=== Data supplied ===

(* Let $n>k\ge 1$ be integers, not both even, let $\alpha=\lceil n/2\rceil-\lfloor (n-k)/2\rfloor$ and $\beta=k-\alpha$, and let $G=\sqrt{n/k}\,W_n^H\Sigma W_k$. Let $1\le p\le n$ and let $G_{p\times k}$ be any $p\times k$ submatrix of $G$ formed by $p$ of its rows. Then the smallest eigenvalue of $G_{p\times k}G_{p\times k}^H$ is at most $1$ and the largest eigenvalue of $G_{p\times k}G_{p\times k}^H$ is at least $1$.
   Context: For a positive integer $l$, $W_l$ denotes the unitary $l\times l$ DFT matrix, $(W_l)_{r,s}=\frac{1}{\sqrt l}e^{-j2\pi(r-1)(s-1)/l}$, and $^H$ denotes conjugate transpose. $\Sigma$ is the $n\times k$ matrix $\begin{pmatrix} I_\alpha & 0\\ 0 & 0\\ 0 & I_\beta\end{pmatrix}$: its first $\alpha$ rows are $(I_\alpha\ 0)$, its last $\beta$ rows are $(0\ I_\beta)$, and its middle $n-k$ rows are zero. *)

theory Defs
  imports Complex_Main "Jordan_Normal_Form.Schur_Decomposition"
begin

definition dft_mat :: "nat \<Rightarrow> complex mat" where
  "dft_mat l = mat l l (\<lambda>(r, s).
     exp (- \<i> * complex_of_real (2 * pi * real r * real s / real l)) / complex_of_real (sqrt (real l)))"

text \<open>The n x k matrix Sigma: first alpha rows (I_alpha 0), last beta rows (0 I_beta),
  middle n-k rows zero (0-indexed; alpha + beta = k).\<close>
definition Sigma_mat :: "nat \<Rightarrow> nat \<Rightarrow> nat \<Rightarrow> nat \<Rightarrow> complex mat" where
  "Sigma_mat n k \<alpha> \<beta> = mat n k (\<lambda>(i, j).
     if i < \<alpha> \<and> j = i then 1
     else if n - \<beta> \<le> i \<and> j = \<alpha> + (i - (n - \<beta>)) then 1 else 0)"

definition row_submat :: "'a mat \<Rightarrow> nat \<Rightarrow> (nat \<Rightarrow> nat) \<Rightarrow> 'a mat" where
  "row_submat A p f = mat p (dim_col A) (\<lambda>(i, j). A $$ (f i, j))"

end

theory Submission
  imports Defs
begin

text \<open>The matrix \<open>G\<^sub>p\<^sub>\<times>\<^sub>k G\<^sub>p\<^sub>\<times>\<^sub>k\<^sup>H\<close> is the principal submatrix of the Gram matrix
  \<open>G G\<^sup>H\<close> on the chosen rows, so it is Hermitian and its diagonal consists of squared row
  norms of \<open>G\<close>. Every row of \<open>G\<close> has unit norm: a row of \<open>W\<^sub>n\<^sup>H \<Sigma>\<close> has \<open>k\<close> entries of
  modulus \<open>1/\<surd>n\<close>, multiplication by the unitary \<open>W\<^sub>k\<close> preserves its norm, and the factor
  \<open>\<surd>(n/k)\<close> compensates. Hence the real eigenvalues of \<open>G\<^sub>p\<^sub>\<times>\<^sub>k G\<^sub>p\<^sub>\<times>\<^sub>k\<^sup>H\<close>, counted with
  multiplicity, sum to its trace \<open>p\<close>, so the smallest is at most \<open>1\<close> and the largest at
  least \<open>1\<close>. Neither the parity condition, nor the precise value of \<open>\<alpha>\<close>, nor the
  injectivity of the row selection is needed.\<close>

lemma dim_row_mat_adjoint [simp]: "dim_row (mat_adjoint A) = dim_col A"
  and dim_col_mat_adjoint [simp]: "dim_col (mat_adjoint A) = dim_row A"
  by (auto simp: mat_adjoint_def mat_of_rows_def)

lemma mat_adjoint_index [simp]:
  "i < dim_col A \<Longrightarrow> j < dim_row A \<Longrightarrow> mat_adjoint A $$ (i, j) = cnj (A $$ (j, i))"
  by (simp add: mat_adjoint_def mat_of_rows_index)

lemma gram_mat_index:
  assumes "i < dim_row A" "j < dim_row A"
  shows "(A * mat_adjoint A) $$ (i, j) = (\<Sum>s<dim_col A. A $$ (i, s) * cnj (A $$ (j, s)))"
  using assms by (simp add: scalar_prod_def atLeast0LessThan)

subsection \<open>Trace and eigenvalues\<close>

definition trace :: "'a::comm_ring_1 mat \<Rightarrow> 'a" where
  "trace A = (\<Sum>i<dim_row A. A $$ (i, i))"

lemma trace_mult_comm:
  assumes "A \<in> carrier_mat n m" "B \<in> carrier_mat m n"
  shows "trace (A * B) = trace (B * A)"
proof -
  have "trace (A * B) = (\<Sum>i<n. \<Sum>j<m. A $$ (i, j) * B $$ (j, i))"
    using assms by (simp add: trace_def scalar_prod_def atLeast0LessThan)
  also have "\<dots> = (\<Sum>j<m. \<Sum>i<n. B $$ (j, i) * A $$ (i, j))"
    by (subst sum.swap) (simp add: mult.commute)
  also have "\<dots> = trace (B * A)"
    using assms by (simp add: trace_def scalar_prod_def atLeast0LessThan)
  finally show ?thesis .
qed

lemma trace_similar_mat_wit:
  assumes "similar_mat_wit A B P Q" "A \<in> carrier_mat n n"
  shows "trace A = trace B"
proof -
  note d = similar_mat_witD2[OF assms(2,1)]
  have "trace A = trace (P * (B * Q))" using d by (simp add: assoc_mult_mat[of P n n B n Q n])
  also have "\<dots> = trace ((B * Q) * P)" using d by (intro trace_mult_comm[of _ n n]) auto
  also have "\<dots> = trace B" using d by (simp add: assoc_mult_mat[of B n n Q n P n])
  finally show ?thesis .
qed

lemma trace_eq_sum_list_char_poly_roots:
  fixes A :: "complex mat"
  assumes A: "A \<in> carrier_mat n n" and cp: "char_poly A = (\<Prod>e\<leftarrow>es. [:- e, 1:])"
  shows "trace A = sum_list es"
proof -
  obtain B P Q where sd: "schur_decomposition A es = (B, P, Q)"
    by (cases "schur_decomposition A es") auto
  from schur_decomposition[OF A cp sd]
  have sim: "similar_mat_wit A B P Q" and diag: "diag_mat B = es" by auto
  have B: "B \<in> carrier_mat n n" using similar_mat_witD2[OF A sim] by auto
  have "trace A = trace B" by (rule trace_similar_mat_wit[OF sim A])
  also have "\<dots> = sum_list (diag_mat B)"
    using B by (simp add: trace_def diag_mat_def sum_list_sum_nth atLeast0LessThan)
  finally show ?thesis unfolding diag .
qed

===

What this task involves:
The stretch of entries above that starts with the line containing "imports Defs" and goes on through the line containing "subsection \<open>Trace and" is to be transcribed exactly, and no other line is to be transcribed.

Answer to this task:
  imports Defs
begin

text \<open>The matrix \<open>G\<^sub>p\<^sub>\<times>\<^sub>k G\<^sub>p\<^sub>\<times>\<^sub>k\<^sup>H\<close> is the principal submatrix of the Gram matrix
  \<open>G G\<^sup>H\<close> on the chosen rows, so it is Hermitian and its diagonal consists of squared row
  norms of \<open>G\<close>. Every row of \<open>G\<close> has unit norm: a row of \<open>W\<^sub>n\<^sup>H \<Sigma>\<close> has \<open>k\<close> entries of
  modulus \<open>1/\<surd>n\<close>, multiplication by the unitary \<open>W\<^sub>k\<close> preserves its norm, and the factor
  \<open>\<surd>(n/k)\<close> compensates. Hence the real eigenvalues of \<open>G\<^sub>p\<^sub>\<times>\<^sub>k G\<^sub>p\<^sub>\<times>\<^sub>k\<^sup>H\<close>, counted with
  multiplicity, sum to its trace \<open>p\<close>, so the smallest is at most \<open>1\<close> and the largest at
  least \<open>1\<close>. Neither the parity condition, nor the precise value of \<open>\<alpha>\<close>, nor the
  injectivity of the row selection is needed.\<close>

lemma dim_row_mat_adjoint [simp]: "dim_row (mat_adjoint A) = dim_col A"
  and dim_col_mat_adjoint [simp]: "dim_col (mat_adjoint A) = dim_row A"
  by (auto simp: mat_adjoint_def mat_of_rows_def)

lemma mat_adjoint_index [simp]:
  "i < dim_col A \<Longrightarrow> j < dim_row A \<Longrightarrow> mat_adjoint A $$ (i, j) = cnj (A $$ (j, i))"
  by (simp add: mat_adjoint_def mat_of_rows_index)

lemma gram_mat_index:
  assumes "i < dim_row A" "j < dim_row A"
  shows "(A * mat_adjoint A) $$ (i, j) = (\<Sum>s<dim_col A. A $$ (i, s) * cnj (A $$ (j, s)))"
  using assms by (simp add: scalar_prod_def atLeast0LessThan)

subsection \<open>Trace and eigenvalues\<close>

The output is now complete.